» **Task**
Using the records below, transcribe word for word the stretch from the line that contains "i \<bullet> x)" through the line that contains "using A by auto", both end lines included, and nothing else.

=== Information provided ===

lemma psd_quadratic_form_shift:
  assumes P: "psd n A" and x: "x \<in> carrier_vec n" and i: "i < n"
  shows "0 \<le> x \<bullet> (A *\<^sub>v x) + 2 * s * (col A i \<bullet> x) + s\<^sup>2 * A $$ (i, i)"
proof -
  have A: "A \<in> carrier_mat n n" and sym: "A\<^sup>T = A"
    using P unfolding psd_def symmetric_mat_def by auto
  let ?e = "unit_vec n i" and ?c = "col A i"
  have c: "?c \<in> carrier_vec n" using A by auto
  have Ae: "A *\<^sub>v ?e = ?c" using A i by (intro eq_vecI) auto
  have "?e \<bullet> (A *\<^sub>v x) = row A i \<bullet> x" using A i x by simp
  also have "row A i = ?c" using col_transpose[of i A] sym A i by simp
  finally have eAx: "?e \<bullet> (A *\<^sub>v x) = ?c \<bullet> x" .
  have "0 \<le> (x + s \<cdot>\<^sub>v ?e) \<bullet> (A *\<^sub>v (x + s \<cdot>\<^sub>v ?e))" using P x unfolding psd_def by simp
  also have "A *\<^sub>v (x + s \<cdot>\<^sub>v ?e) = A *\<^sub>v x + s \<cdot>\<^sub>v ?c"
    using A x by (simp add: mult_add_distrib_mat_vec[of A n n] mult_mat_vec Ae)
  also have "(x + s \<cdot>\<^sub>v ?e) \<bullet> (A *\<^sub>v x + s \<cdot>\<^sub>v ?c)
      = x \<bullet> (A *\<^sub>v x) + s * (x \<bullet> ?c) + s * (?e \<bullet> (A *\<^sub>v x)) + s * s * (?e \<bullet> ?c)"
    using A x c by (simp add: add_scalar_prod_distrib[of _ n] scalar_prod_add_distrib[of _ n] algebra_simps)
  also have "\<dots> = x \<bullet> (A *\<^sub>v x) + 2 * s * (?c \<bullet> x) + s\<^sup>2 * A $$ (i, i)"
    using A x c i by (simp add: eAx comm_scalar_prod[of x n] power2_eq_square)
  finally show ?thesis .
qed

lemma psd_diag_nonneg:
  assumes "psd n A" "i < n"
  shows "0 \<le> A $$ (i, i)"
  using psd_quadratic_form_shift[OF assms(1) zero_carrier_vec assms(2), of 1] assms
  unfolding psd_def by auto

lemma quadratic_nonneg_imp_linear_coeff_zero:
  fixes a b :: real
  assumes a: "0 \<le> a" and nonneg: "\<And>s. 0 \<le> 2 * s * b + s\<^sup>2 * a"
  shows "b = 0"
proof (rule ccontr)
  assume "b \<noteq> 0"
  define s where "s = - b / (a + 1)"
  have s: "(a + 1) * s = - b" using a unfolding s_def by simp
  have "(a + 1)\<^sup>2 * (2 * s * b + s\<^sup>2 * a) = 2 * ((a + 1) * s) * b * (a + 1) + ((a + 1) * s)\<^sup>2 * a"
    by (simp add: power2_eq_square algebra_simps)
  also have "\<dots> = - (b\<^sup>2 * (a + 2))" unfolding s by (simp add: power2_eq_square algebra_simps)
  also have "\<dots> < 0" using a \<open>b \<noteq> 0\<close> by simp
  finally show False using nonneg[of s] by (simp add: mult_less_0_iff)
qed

===
=== Information provided ===

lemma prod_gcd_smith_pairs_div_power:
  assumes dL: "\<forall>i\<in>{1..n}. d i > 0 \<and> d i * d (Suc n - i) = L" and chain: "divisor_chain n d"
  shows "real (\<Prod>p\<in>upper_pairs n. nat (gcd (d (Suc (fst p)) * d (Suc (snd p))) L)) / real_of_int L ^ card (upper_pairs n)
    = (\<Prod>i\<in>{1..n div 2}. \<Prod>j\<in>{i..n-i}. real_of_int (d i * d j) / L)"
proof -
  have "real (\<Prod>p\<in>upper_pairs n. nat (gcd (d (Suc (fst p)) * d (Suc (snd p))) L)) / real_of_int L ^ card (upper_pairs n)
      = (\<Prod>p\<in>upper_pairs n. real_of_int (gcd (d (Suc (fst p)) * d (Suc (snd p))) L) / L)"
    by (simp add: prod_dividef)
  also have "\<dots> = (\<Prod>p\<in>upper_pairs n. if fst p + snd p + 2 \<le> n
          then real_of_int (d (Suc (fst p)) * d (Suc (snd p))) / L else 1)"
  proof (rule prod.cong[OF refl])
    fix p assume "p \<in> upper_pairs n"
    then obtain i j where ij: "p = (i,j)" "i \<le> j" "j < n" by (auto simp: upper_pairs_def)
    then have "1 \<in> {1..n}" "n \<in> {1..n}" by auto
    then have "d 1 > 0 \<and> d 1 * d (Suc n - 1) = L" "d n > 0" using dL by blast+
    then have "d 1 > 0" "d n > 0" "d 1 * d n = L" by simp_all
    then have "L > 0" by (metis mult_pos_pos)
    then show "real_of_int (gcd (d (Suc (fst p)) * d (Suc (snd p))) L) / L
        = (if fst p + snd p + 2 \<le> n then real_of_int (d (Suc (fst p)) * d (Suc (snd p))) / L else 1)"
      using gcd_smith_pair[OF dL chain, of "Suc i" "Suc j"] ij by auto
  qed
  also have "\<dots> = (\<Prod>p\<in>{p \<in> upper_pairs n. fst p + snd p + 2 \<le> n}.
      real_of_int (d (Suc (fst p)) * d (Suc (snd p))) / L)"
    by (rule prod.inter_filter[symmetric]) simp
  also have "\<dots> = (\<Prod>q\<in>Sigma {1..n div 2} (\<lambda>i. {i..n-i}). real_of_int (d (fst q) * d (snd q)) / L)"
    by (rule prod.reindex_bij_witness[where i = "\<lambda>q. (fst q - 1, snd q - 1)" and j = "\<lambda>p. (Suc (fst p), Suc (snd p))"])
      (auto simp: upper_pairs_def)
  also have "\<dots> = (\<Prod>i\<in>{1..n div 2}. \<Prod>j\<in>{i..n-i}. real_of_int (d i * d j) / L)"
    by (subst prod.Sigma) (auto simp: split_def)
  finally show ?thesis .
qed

===
=== Information provided ===

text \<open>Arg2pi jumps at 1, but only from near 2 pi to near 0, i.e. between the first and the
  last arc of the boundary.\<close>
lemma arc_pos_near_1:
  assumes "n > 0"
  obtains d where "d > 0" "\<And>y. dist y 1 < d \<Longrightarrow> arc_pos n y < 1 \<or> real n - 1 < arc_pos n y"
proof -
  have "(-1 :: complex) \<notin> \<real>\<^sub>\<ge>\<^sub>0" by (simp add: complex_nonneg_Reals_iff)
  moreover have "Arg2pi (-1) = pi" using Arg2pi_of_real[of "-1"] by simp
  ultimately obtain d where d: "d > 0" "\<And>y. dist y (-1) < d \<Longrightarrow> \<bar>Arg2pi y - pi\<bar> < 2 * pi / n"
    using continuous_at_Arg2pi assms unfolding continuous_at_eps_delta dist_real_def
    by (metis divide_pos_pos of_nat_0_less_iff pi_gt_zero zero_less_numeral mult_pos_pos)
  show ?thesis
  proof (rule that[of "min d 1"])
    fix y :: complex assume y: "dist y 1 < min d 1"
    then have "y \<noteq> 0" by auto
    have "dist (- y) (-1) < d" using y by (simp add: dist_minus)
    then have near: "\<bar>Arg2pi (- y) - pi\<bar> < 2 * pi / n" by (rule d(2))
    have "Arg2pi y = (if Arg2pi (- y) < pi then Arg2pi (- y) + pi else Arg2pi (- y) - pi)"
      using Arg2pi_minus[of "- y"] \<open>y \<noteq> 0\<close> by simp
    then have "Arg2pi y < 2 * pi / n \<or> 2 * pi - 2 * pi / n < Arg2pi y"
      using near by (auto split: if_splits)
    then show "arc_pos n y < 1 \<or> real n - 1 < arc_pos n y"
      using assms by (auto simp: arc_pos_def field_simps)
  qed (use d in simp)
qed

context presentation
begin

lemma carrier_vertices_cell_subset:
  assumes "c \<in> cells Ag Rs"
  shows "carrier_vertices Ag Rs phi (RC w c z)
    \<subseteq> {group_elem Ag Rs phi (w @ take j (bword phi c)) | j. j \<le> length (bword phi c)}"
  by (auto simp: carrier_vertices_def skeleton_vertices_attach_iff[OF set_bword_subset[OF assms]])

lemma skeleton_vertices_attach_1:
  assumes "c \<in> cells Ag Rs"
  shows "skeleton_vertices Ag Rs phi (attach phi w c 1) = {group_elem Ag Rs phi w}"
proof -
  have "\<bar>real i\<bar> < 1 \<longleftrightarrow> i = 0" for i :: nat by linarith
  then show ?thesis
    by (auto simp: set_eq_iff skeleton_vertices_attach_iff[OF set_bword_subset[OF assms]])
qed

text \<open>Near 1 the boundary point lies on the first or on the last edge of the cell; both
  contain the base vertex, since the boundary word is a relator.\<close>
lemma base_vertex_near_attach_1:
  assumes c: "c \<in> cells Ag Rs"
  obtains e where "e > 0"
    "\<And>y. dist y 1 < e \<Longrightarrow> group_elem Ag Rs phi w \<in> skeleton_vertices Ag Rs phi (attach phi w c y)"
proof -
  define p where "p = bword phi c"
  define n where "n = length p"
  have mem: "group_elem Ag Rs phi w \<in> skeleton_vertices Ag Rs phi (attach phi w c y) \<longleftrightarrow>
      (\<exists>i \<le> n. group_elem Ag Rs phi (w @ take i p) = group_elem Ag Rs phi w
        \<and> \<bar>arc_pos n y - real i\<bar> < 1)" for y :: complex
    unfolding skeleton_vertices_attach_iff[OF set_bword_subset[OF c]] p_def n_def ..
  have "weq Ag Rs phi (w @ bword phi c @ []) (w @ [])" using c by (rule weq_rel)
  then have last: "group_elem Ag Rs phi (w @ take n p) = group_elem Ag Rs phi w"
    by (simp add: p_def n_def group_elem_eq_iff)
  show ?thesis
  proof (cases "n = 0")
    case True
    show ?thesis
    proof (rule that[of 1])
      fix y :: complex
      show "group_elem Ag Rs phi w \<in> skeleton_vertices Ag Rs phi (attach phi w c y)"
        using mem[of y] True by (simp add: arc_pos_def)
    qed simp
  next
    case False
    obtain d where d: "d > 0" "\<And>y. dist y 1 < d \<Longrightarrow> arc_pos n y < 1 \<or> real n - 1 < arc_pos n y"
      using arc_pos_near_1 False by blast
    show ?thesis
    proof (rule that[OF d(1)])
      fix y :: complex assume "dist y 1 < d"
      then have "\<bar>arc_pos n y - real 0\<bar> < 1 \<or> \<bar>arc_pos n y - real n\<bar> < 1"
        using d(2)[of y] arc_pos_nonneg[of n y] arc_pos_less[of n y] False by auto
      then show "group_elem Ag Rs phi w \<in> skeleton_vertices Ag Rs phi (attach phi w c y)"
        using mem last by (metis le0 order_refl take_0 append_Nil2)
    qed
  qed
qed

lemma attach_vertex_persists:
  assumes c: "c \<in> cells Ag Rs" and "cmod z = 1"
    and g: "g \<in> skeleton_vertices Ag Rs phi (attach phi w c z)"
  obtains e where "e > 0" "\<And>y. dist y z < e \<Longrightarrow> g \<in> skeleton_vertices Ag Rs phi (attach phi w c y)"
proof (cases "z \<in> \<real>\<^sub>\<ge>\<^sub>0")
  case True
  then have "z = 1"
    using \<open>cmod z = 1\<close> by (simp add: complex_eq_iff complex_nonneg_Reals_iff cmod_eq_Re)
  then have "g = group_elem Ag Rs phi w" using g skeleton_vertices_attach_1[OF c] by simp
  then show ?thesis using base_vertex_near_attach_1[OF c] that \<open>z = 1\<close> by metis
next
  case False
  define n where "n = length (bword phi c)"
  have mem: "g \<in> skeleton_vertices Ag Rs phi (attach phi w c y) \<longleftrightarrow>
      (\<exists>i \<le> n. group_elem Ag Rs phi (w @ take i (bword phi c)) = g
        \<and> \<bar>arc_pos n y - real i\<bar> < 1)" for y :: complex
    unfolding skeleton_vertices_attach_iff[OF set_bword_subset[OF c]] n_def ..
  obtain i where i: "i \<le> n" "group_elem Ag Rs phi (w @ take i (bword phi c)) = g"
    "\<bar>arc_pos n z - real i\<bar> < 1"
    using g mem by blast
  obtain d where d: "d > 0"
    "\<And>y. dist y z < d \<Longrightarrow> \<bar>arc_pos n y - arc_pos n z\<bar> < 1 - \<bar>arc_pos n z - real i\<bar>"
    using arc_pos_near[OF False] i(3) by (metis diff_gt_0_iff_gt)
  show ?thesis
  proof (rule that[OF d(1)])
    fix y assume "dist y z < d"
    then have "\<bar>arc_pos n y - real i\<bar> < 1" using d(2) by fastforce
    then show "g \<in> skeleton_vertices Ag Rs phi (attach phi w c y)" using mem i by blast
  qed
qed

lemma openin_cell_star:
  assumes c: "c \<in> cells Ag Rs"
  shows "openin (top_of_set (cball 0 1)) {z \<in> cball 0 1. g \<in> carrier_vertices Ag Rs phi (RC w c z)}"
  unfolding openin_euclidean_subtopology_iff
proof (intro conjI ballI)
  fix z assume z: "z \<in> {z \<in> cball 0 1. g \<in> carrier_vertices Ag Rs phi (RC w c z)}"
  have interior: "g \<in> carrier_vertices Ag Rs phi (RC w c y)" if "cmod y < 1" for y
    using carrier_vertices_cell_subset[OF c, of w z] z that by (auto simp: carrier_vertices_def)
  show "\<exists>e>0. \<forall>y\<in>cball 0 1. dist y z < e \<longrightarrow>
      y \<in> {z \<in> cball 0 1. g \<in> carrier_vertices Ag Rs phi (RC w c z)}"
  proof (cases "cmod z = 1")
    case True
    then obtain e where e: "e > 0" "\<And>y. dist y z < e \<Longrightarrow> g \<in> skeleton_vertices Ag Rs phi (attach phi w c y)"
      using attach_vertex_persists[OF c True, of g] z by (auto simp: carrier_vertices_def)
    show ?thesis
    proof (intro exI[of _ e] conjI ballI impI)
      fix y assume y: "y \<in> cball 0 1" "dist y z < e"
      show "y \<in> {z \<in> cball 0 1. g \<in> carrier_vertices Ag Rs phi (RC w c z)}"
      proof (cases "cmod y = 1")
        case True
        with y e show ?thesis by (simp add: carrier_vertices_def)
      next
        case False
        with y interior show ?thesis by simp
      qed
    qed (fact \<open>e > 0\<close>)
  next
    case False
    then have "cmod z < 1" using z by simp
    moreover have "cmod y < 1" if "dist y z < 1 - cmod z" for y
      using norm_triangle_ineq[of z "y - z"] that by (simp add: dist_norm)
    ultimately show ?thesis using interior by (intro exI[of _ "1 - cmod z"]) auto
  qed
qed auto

===

» **Reply**
  shows "0 \<le> x \<bullet> (A *\<^sub>v x) + 2 * s * (col A i \<bullet> x) + s\<^sup>2 * A $$ (i, i)"
proof -
  have A: "A \<in> carrier_mat n n" and sym: "A\<^sup>T = A"
    using P unfolding psd_def symmetric_mat_def by auto
  let ?e = "unit_vec n i" and ?c = "col A i"
  have c: "?c \<in> carrier_vec n" using A by auto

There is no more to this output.